I remember when rock was young. So, evidently, does Chicago playwright Katie Coleman, as she well attests in her intelligent, heartfelt play about two young Soviets, hopping and bopping to a thing called capitalist rock (Elton John, the Rolling Stones, Fleetwood Mac, Blondie, etc.). Coleman actually tells three stories here. There’s a bittersweet one about Svetlana and Vitaly (two Soviet kids doing the best that they can); another, much angrier one about the economic and cultural stagnation of Leonid Brezhnev-era Soviet Union (a teenage wasteland for sure); and a third about the history of Krugozor, a state-owned—and thus state-sanctioned—music magazine that brought carefully vetted Western music into Russian homes via the flexi discs that came with the magazine. Krugozor, initiated by Nikita Khrushchev, must have been an attempt to control the flow of western European ideas into the state without threatening the ossifying bureaucratic power elite. How well it worked is one of the themes Coleman explores in this show. (See Berlin circa 1989.)
Krugozor! Through 2/4: Thu-Sat 7:30 PM, Sun 2 PM, Factory Theater, 1623 W. Howard, theatreevolve.com, pay what you can $5-$100
My summary is making the show sound like something only a history buff would enjoy. But actually, the show is immensely entertaining. The production has a loose Second City feel to it. Scenes are acted out with a bare minimum of props and set pieces.There is also a live band on stage, to give the show a jolt of rock ’n’ roll when things start to get too dark—or light.
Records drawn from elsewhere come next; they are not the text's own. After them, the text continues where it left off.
lemma strict_mono_signed_magnitude: "strict_mono (signed_magnitude m)"
proof (rule strict_monoI)
  fix t t' :: int
  assume "t < t'"
  have "scaled_magnitude m (nat t) < scaled_magnitude m (nat t')" if "0 \<le> t"
    using that \<open>t < t'\<close> strict_mono_scaled_magnitude by (simp add: strict_mono_less)
  moreover have "scaled_magnitude m (nat (- t')) < scaled_magnitude m (nat (- t))" if "t' < 0"
    using that \<open>t < t'\<close> strict_mono_scaled_magnitude by (simp add: strict_mono_less)
  moreover have "0 < scaled_magnitude m (nat (- t))" if "t < 0"
    using that strict_mono_scaled_magnitude[of m] strict_monoD[of "scaled_magnitude m" 0 "nat (- t)"]
    by simp
  ultimately show "signed_magnitude m t < signed_magnitude m t'"
    using \<open>t < t'\<close> by (auto simp: signed_magnitude_def)
qed

lemma signed_magnitude_signed_int:
  "signed_magnitude m (signed_int s r) = (if s then -1 else 1) * real (scaled_magnitude m r)"
  by (cases "r = 0") (auto simp: signed_magnitude_def signed_int_def)

lemma finite_value_eq:
  assumes "f < 2 ^ m"
  shows "(if e = 0 then real f / 2 ^ m * (2::real) powi (1 - B)
          else (1 + real f / 2 ^ m) * (2::real) powi (int e - B))
       = real (scaled_magnitude m (e * 2 ^ m + f)) * ((2::real) powi (1 - B) / 2 ^ m)"
proof (cases "e = 0")
  case True
  with assms show ?thesis
    by (simp add: scaled_magnitude_def)
next
  case False
  have "int e - B = int (e - 1) + (1 - B)"
    using False by simp
  then have "(2::real) powi (int e - B) = 2 powi int (e - 1) * 2 powi (1 - B)"
    by (metis power_int_add zero_neq_numeral)
  then have "(2::real) powi (int e - B) = 2 ^ (e - 1) * 2 powi (1 - B)"
    by (simp only: power_int_of_nat)
  with False assms show ?thesis
    by (simp add: scaled_magnitude_def field_simps)
qed

definition min_subnormal :: "nat \<Rightarrow> nat \<Rightarrow> real" where
  "min_subnormal E m = (2::real) powi (1 - ((2::int) ^ (E - 1) - 1)) / 2 ^ m"

definition signed_fp_value :: "nat \<Rightarrow> nat \<Rightarrow> int \<Rightarrow> xreal" where
  "signed_fp_value E m t =
     (if (2 ^ E - 1) * 2 ^ m \<le> t then PosInf
      else if t \<le> - ((2 ^ E - 1) * 2 ^ m) then NegInf
      else Fin (signed_magnitude m t * min_subnormal E m))"

lemma signed_fp_value_less:
  assumes "- ((2 ^ E - 1) * 2 ^ m) \<le> t" and "t < t'" and "t' \<le> (2 ^ E - 1) * 2 ^ m"
  shows "xless (signed_fp_value E m t) (signed_fp_value E m t')"
proof -
  have "0 < min_subnormal E m"
    by (simp add: min_subnormal_def)
  with assms strict_mono_signed_magnitude[of m] show ?thesis
    by (auto simp: signed_fp_value_def strict_mono_less)
qed

lemma signed_fp_value_0:
  assumes "1 \<le> E"
  shows "signed_fp_value E m 0 = Fin 0"
  using nan_threshold_pos[OF assms, of m] by (simp add: signed_fp_value_def signed_magnitude_def)

lemma signed_fp_value_not_Bot: "signed_fp_value E m t \<noteq> Bot"
  by (simp add: signed_fp_value_def)

lemma gamma_Cons:
  assumes "1 \<le> E" and "length w = E + m"
  shows "gamma E m (s # w) =
    (if (2 ^ E - 1) * 2 ^ m < bin_val w then Bot
     else signed_fp_value E m (signed_int s (bin_val w)))"
proof -
  define r e f where "r = bin_val w" and "e = bin_val (take E w)" and "f = bin_val (drop E w)"
  define sg :: real where "sg = (if s then -1 else 1)"
  have r: "r = e * 2 ^ m + f"
    using assms(2) bin_val_append[of "take E w" "drop E w"] by (simp add: r_def e_def f_def)
  have "f < 2 ^ m" and "e < 2 ^ E"
    using assms(2) bin_val_less_pow[of "drop E w"] bin_val_less_pow[of "take E w"]
    by (simp_all add: e_def f_def)
  have "2 ^ 1 \<le> (2::nat) ^ E"
    using assms(1) by (intro power_increasing) simp_all
  then have "1 \<le> (2::nat) ^ E - 1"
    by simp
  have gamma: "gamma E m (s # w) =
     (if e = 0 then Fin (sg * (real f / 2 ^ m) * (2::real) powi (1 - (2 ^ (E - 1) - 1)))
      else if e < 2 ^ E - 1
        then Fin (sg * (1 + real f / 2 ^ m) * (2::real) powi (int e - (2 ^ (E - 1) - 1)))
      else if f = 0 then (if s then NegInf else PosInf) else Bot)"
    by (simp add: gamma_def Let_def e_def f_def sg_def)
  consider (finite) "e < 2 ^ E - 1" | (infinite) "e = 2 ^ E - 1" "f = 0" | (nan) "e = 2 ^ E - 1" "0 < f"
    using \<open>e < 2 ^ E\<close> by linarith
  then show ?thesis
  proof cases
    case finite
    have "r < (e + 1) * 2 ^ m"
      using r \<open>f < 2 ^ m\<close> by simp
    also have "\<dots> \<le> (2 ^ E - 1) * 2 ^ m"
      using finite by (intro mult_right_mono) simp_all
    finally have "r < (2 ^ E - 1) * 2 ^ m" .
    then have "int r < (2 ^ E - 1) * 2 ^ m"
      unfolding of_nat_nan_threshold[symmetric] of_nat_less_iff .
    then have "- ((2 ^ E - 1) * 2 ^ m) < signed_int s r" and "signed_int s r < (2 ^ E - 1) * 2 ^ m"
      unfolding signed_int_def by auto
    then have "signed_fp_value E m (signed_int s r)
        = Fin (sg * (real (scaled_magnitude m r) * min_subnormal E m))"
      unfolding signed_fp_value_def signed_magnitude_signed_int sg_def by simp
    moreover have "gamma E m (s # w) = Fin (sg * (real (scaled_magnitude m r) * min_subnormal E m))"
      using gamma finite finite_value_eq[OF \<open>f < 2 ^ m\<close>, of e "2 ^ (E - 1) - 1"]
      unfolding r min_subnormal_def by (cases "e = 0") (simp_all add: mult.assoc)
    ultimately show ?thesis
      using \<open>r < (2 ^ E - 1) * 2 ^ m\<close> by (simp add: r_def)
  next
    case infinite
    then have "r = (2 ^ E - 1) * 2 ^ m"
      using r by simp
    moreover have "0 < ((2::int) ^ E - 1) * 2 ^ m"
      using assms(1) by (rule nan_threshold_pos)
    ultimately have "signed_fp_value E m (signed_int s r) = (if s then NegInf else PosInf)"
      by (simp add: signed_fp_value_def signed_int_def of_nat_nan_threshold)
    moreover have "gamma E m (s # w) = (if s then NegInf else PosInf)"
      using gamma infinite \<open>1 \<le> 2 ^ E - 1\<close> by simp
    ultimately show ?thesis
      using \<open>r = (2 ^ E - 1) * 2 ^ m\<close> by (simp add: r_def)
  next
    case nan
    then have "(2 ^ E - 1) * 2 ^ m < r"
      using r by simp
    moreover have "gamma E m (s # w) = Bot"
      using gamma nan \<open>1 \<le> 2 ^ E - 1\<close> by simp
    ultimately show ?thesis
      by (simp add: r_def)
  qed
qed

lemma xless_asym: "xless x y \<Longrightarrow> \<not> xless y x"
  by (cases x; cases y) auto

lemma xless_Bot: "x \<noteq> Bot \<Longrightarrow> xless x Bot"
  by (cases x) auto

lemma fp_rank_non_nan_less_nan:
  assumes "bin_val w' \<le> (2 ^ E - 1) * 2 ^ m" and "(2 ^ E - 1) * 2 ^ m < bin_val w"
  shows "fp_rank E m (s' # w') < fp_rank E m (s # w)"
proof -
  have "fp_rank E m (s' # w') \<le> 2 ^ (E + m) - 2 ^ m + int (bin_val w') + 1"
    using assms(1) by (auto simp: fp_rank_non_nan signed_int_def)
  moreover have "2 ^ (E + m) - 2 ^ m + int (bin_val w) + 1 \<le> fp_rank E m (s # w)"
    using assms(2) by simp
  moreover have "bin_val w' < bin_val w"
    using assms by simp
  ultimately show ?thesis
    by linarith
qed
As if that could happen in a wild, energetic production that mixes performance styles, tone, and mood with the wild, carefree abandon of someone changing stations every few seconds on a car radio. Yet somehow, director Anna Rachel Troy and her cast keep it together, mixing strictly naturalistic scenes, with ones with a more Brechtian tinge, as when the script breaks the narrative flow to relate some facts about Soviet history, or Krugozor, or the myriad ways rock ’n’ rollers overcame government attempts to keep that “decadence” out of the country. (These included “bone music”—the underground trading of bootleg recordings pressed into discarded X-rays.)
Troy has assembled a strong multitalented cast here, most of whom, at one point or another, join the band to sing or shred guitar, and all of whom know how to mine the emotional ups and downs of Coleman’s story for maximum effect. At the center of it all are Andy Ricci’s Vitaly—he’s just a poor boy but needs no sympathy—and Caroline Kidwell’s Svetlana. She’s the rebellious daughter of a Communist Party official, the Soviet equivalent of a poor little rich girl. As performers, Ricci and Kidwell are riveting, and their story—which shows the lie behind the claims that the USSR was a classless society—is, in the end, utterly devastating.